Upstairs today, less than an hour ago, I was able to count six, yes six full on Santa Clauses! No, not guys in costumes. That kind of thing is small time. There's always some reason for that. These are the real deal, just regular men, going about their business, who happen to fit, in every basic, out of costume particular, the required parameters of Santa. Rotund? Check. Late middle age or older? Check. Full white beard and white hair. Check. Rosy cheeks. Yeah, pretty much. It's a warm day, they had to climb the stairs. Did they all have a twinkle in their eye? Well, no, let's not get carried away, it's a Library here, not a charming story about the North Pole.

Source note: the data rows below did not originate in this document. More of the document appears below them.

lemma bregman_nonneg:
  fixes w :: "'a::real_inner \<Rightarrow> real"
  assumes "convex X" and "p \<in> X" and "z \<in> X"
    and "(w has_derivative (\<lambda>h. inner (dw p) h)) (at p within X)"
    and "strongly_convex_on X 1 w"
  shows "0 \<le> bregman w dw p z"
  using bregman_ge_half_norm_sq[where w=w and dw=dw, OF assms] zero_le_power2[of "norm (z - p)"]
  by linarith

lemma is_prox_variational_inequality:
  fixes w :: "'a::real_inner \<Rightarrow> real"
  assumes "convex X" and prox: "is_prox X w dw x y p" and z: "z \<in> X"
    and der: "(w has_derivative (\<lambda>h. inner (dw p) h)) (at p within X)"
  shows "0 \<le> inner (y + dw p - dw x) (z - p)"
proof -
  have p: "p \<in> X" and min: "\<forall>z\<in>X. inner y p + bregman w dw x p \<le> inner y z + bregman w dw x z"
    using prox unfolding is_prox_def by auto
  have lim: "((\<lambda>t. inner (y - dw x) (z - p) + (w (p + t *\<^sub>R (z - p)) - w p) / t)
      \<longlongrightarrow> inner (y - dw x) (z - p) + inner (dw p) (z - p)) (at_right 0)"
    by (intro tendsto_intros tendsto_difference_quotient_segment[where w=w and dw=dw, OF \<open>convex X\<close> p z der])
  have "\<forall>\<^sub>F t in at_right (0::real). t \<in> {0<..<1}"
    by (rule eventually_at_right_real) simp
  then have "\<forall>\<^sub>F t in at_right 0. 0 \<le> inner (y - dw x) (z - p) + (w (p + t *\<^sub>R (z - p)) - w p) / t"
  proof eventually_elim
    case (elim t)
    have "(1 - t) *\<^sub>R p + t *\<^sub>R z \<in> X"
      using \<open>convex X\<close> p z elim unfolding convex_alt by auto
    then have "p + t *\<^sub>R (z - p) \<in> X" by (simp add: algebra_simps)
    with min have "0 \<le> t * inner (y - dw x) (z - p) + (w (p + t *\<^sub>R (z - p)) - w p)"
      unfolding bregman_def by (fastforce simp: inner_simps algebra_simps)
    then show ?case using elim by (simp add: field_simps)
  qed
  from tendsto_lowerbound[OF lim this] show ?thesis by (simp add: inner_simps)
qed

But the best one had maybe a little twinkle. I don't know. Give them all the suit, a pipe, a few gifted reindeer, and they all would have been perfect enough. As they actually were attired it was more like they were of the funny Santa genre. Santa on vacation in bermuda shorts. Yes, he's up there. Biker Santa. Yes, but he comes here all the time. There was a kind of techno Santa too. Santa nerd I guess, all wired up, packing screens. He seemed to have an antenna coming out of his head. So no classic Santas, but more like they'd all come from magazine advertisement photo shoots as companies put together their Christmas print campaigns. A hip, modern Santa selling Christmas computers, that sort of thing. Of course they were a bit too real to really be that. One guy had water bottles and ziplocked sandwiches strapped to his body, another sported mysterious, overstuffed briefcases. Many had tangled or frayed or unkempt beards. I literally can see one more across the library coming down the stairs. He has suspenders, which is very Santaish, and an army camoflauge shirt, which isn't, and a tan golf hat. Very white hair, long enough, but beard a bit thinner than ideal, and his cheeks could be rosier. I'm gonna throw him back. I can afford to be picky. I've got so many to choose from.